* **Records supplied**
BEGIN

lemma not_mem_cone_C_outside_cap:
  fixes a l x :: "'a::real_inner" and d y :: "'b::euclidean_space"
  assumes "2 \<le> DIM('b)" and l: "norm l = 1" and ad: "norm a \<le> norm d"
    and xy: "norm x \<le> norm y" and H: "a \<bullet> x + d \<bullet> y = -1"
    and outside: "y /\<^sub>R norm y \<notin> cap_G a d l"
  shows "(x, y) \<notin> cone_C a d l"
proof -
  have "y \<noteq> 0" "d \<noteq> 0"
    using xy ad H by auto
  define D r where "D = norm d" and "r = norm y"
  have "0 < D" "0 < r"
    using \<open>y \<noteq> 0\<close> \<open>d \<noteq> 0\<close> by (simp_all add: D_def r_def)
  define u w where "u = - (d /\<^sub>R D)" and "w = y /\<^sub>R r"
  have "norm u = 1" "norm w = 1" and d: "d = - D *\<^sub>R u" and y: "y = r *\<^sub>R w"
    using \<open>0 < D\<close> \<open>0 < r\<close> by (simp_all add: u_def w_def D_def r_def)
  define \<alpha> t c where "\<alpha> = a \<bullet> l / D" and "t = l \<bullet> x / r" and "c = w \<bullet> u"
  \<comment> \<open>\<open>G\<close> is the cap of angular radius \<open>arccos \<alpha>\<close> around \<open>u\<close>. The bound on \<open>a \<bullet> x\<close> puts
    \<open>w\<close> at angular distance less than \<open>arccos \<alpha> + arccos t\<close> from \<open>u\<close>, so the point of the cap
    on the great circle from \<open>u\<close> to \<open>w\<close> is within angle \<open>arccos t\<close> of \<open>w\<close>.\<close>
  have "\<bar>\<alpha>\<bar> \<le> 1" "\<bar>t\<bar> \<le> 1" "\<bar>c\<bar> \<le> 1"
    using Cauchy_Schwarz_ineq2[of a l] Cauchy_Schwarz_ineq2[of l x] Cauchy_Schwarz_ineq2[of w u]
      \<open>0 < D\<close> \<open>0 < r\<close> l ad xy \<open>norm u = 1\<close> \<open>norm w = 1\<close>
    by (simp_all add: \<alpha>_def t_def c_def D_def r_def divide_le_eq abs_divide)
  have "0 < a \<bullet> l + d \<bullet> w"
    using outside \<open>norm w = 1\<close> by (simp add: cap_G_def w_def r_def)
  then have "c < \<alpha>"
    using \<open>0 < D\<close> by (simp add: d \<alpha>_def c_def field_simps inner_commute)
  have "D * r * cos (arccos \<alpha> + arccos t) \<le> a \<bullet> x"
    unfolding \<alpha>_def t_def using l ad xy \<open>0 < D\<close> \<open>0 < r\<close>
    by (intro inner_ge_cos_add_arccos) (simp_all add: D_def r_def)
  also have "a \<bullet> x < D * r * c"
    using H by (simp add: d y c_def inner_commute algebra_simps)
  finally have "cos (arccos \<alpha> + arccos t) < cos (arccos c)"
    using \<open>0 < D\<close> \<open>0 < r\<close> \<open>\<bar>c\<bar> \<le> 1\<close> by simp
  then have "cos (arccos t) < cos (arccos c - arccos \<alpha>)"
    using \<open>\<bar>\<alpha>\<bar> \<le> 1\<close> \<open>\<bar>t\<bar> \<le> 1\<close> \<open>\<bar>c\<bar> \<le> 1\<close> \<open>c < \<alpha>\<close>
    by (intro cos_lt_cos_diff) (auto intro: arccos_less_arccos arccos_lbound arccos_ubound)
  moreover obtain \<beta> where \<beta>: "norm \<beta> = 1" "\<beta> \<bullet> u = \<alpha>" "\<beta> \<bullet> w = cos (arccos c - arccos \<alpha>)"
    using exists_unit_inner_cos_diff_arccos assms(1) \<open>norm u = 1\<close> \<open>norm w = 1\<close> \<open>\<bar>\<alpha>\<bar> \<le> 1\<close>
    unfolding c_def by blast
  ultimately have "l \<bullet> x < \<beta> \<bullet> y"
    using \<open>\<bar>t\<bar> \<le> 1\<close> \<open>0 < r\<close> by (simp add: y t_def field_simps)
  moreover have "\<beta> \<in> cap_G a d l"
    using \<beta> \<open>0 < D\<close> by (simp add: cap_G_def d \<alpha>_def inner_commute)
  ultimately show ?thesis
    unfolding cone_C_eq_Inter_halfspaces by force
qed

END

* **Problem to solve**
Copy every record once more, exactly as given.

* **Written reply**
lemma not_mem_cone_C_outside_cap:
  fixes a l x :: "'a::real_inner" and d y :: "'b::euclidean_space"
  assumes "2 \<le> DIM('b)" and l: "norm l = 1" and ad: "norm a \<le> norm d"
    and xy: "norm x \<le> norm y" and H: "a \<bullet> x + d \<bullet> y = -1"
    and outside: "y /\<^sub>R norm y \<notin> cap_G a d l"
  shows "(x, y) \<notin> cone_C a d l"
proof -
  have "y \<noteq> 0" "d \<noteq> 0"
    using xy ad H by auto
  define D r where "D = norm d" and "r = norm y"
  have "0 < D" "0 < r"
    using \<open>y \<noteq> 0\<close> \<open>d \<noteq> 0\<close> by (simp_all add: D_def r_def)
  define u w where "u = - (d /\<^sub>R D)" and "w = y /\<^sub>R r"
  have "norm u = 1" "norm w = 1" and d: "d = - D *\<^sub>R u" and y: "y = r *\<^sub>R w"
    using \<open>0 < D\<close> \<open>0 < r\<close> by (simp_all add: u_def w_def D_def r_def)
  define \<alpha> t c where "\<alpha> = a \<bullet> l / D" and "t = l \<bullet> x / r" and "c = w \<bullet> u"
  \<comment> \<open>\<open>G\<close> is the cap of angular radius \<open>arccos \<alpha>\<close> around \<open>u\<close>. The bound on \<open>a \<bullet> x\<close> puts
    \<open>w\<close> at angular distance less than \<open>arccos \<alpha> + arccos t\<close> from \<open>u\<close>, so the point of the cap
    on the great circle from \<open>u\<close> to \<open>w\<close> is within angle \<open>arccos t\<close> of \<open>w\<close>.\<close>
  have "\<bar>\<alpha>\<bar> \<le> 1" "\<bar>t\<bar> \<le> 1" "\<bar>c\<bar> \<le> 1"
    using Cauchy_Schwarz_ineq2[of a l] Cauchy_Schwarz_ineq2[of l x] Cauchy_Schwarz_ineq2[of w u]
      \<open>0 < D\<close> \<open>0 < r\<close> l ad xy \<open>norm u = 1\<close> \<open>norm w = 1\<close>
    by (simp_all add: \<alpha>_def t_def c_def D_def r_def divide_le_eq abs_divide)
  have "0 < a \<bullet> l + d \<bullet> w"
    using outside \<open>norm w = 1\<close> by (simp add: cap_G_def w_def r_def)
  then have "c < \<alpha>"
    using \<open>0 < D\<close> by (simp add: d \<alpha>_def c_def field_simps inner_commute)
  have "D * r * cos (arccos \<alpha> + arccos t) \<le> a \<bullet> x"
    unfolding \<alpha>_def t_def using l ad xy \<open>0 < D\<close> \<open>0 < r\<close>
    by (intro inner_ge_cos_add_arccos) (simp_all add: D_def r_def)
  also have "a \<bullet> x < D * r * c"
    using H by (simp add: d y c_def inner_commute algebra_simps)
  finally have "cos (arccos \<alpha> + arccos t) < cos (arccos c)"
    using \<open>0 < D\<close> \<open>0 < r\<close> \<open>\<bar>c\<bar> \<le> 1\<close> by simp
  then have "cos (arccos t) < cos (arccos c - arccos \<alpha>)"
    using \<open>\<bar>\<alpha>\<bar> \<le> 1\<close> \<open>\<bar>t\<bar> \<le> 1\<close> \<open>\<bar>c\<bar> \<le> 1\<close> \<open>c < \<alpha>\<close>
    by (intro cos_lt_cos_diff) (auto intro: arccos_less_arccos arccos_lbound arccos_ubound)
  moreover obtain \<beta> where \<beta>: "norm \<beta> = 1" "\<beta> \<bullet> u = \<alpha>" "\<beta> \<bullet> w = cos (arccos c - arccos \<alpha>)"
    using exists_unit_inner_cos_diff_arccos assms(1) \<open>norm u = 1\<close> \<open>norm w = 1\<close> \<open>\<bar>\<alpha>\<bar> \<le> 1\<close>
    unfolding c_def by blast
  ultimately have "l \<bullet> x < \<beta> \<bullet> y"
    using \<open>\<bar>t\<bar> \<le> 1\<close> \<open>0 < r\<close> by (simp add: y t_def field_simps)
  moreover have "\<beta> \<in> cap_G a d l"
    using \<beta> \<open>0 < D\<close> by (simp add: cap_G_def d \<alpha>_def inner_commute)
  ultimately show ?thesis
    unfolding cone_C_eq_Inter_halfspaces by force
qed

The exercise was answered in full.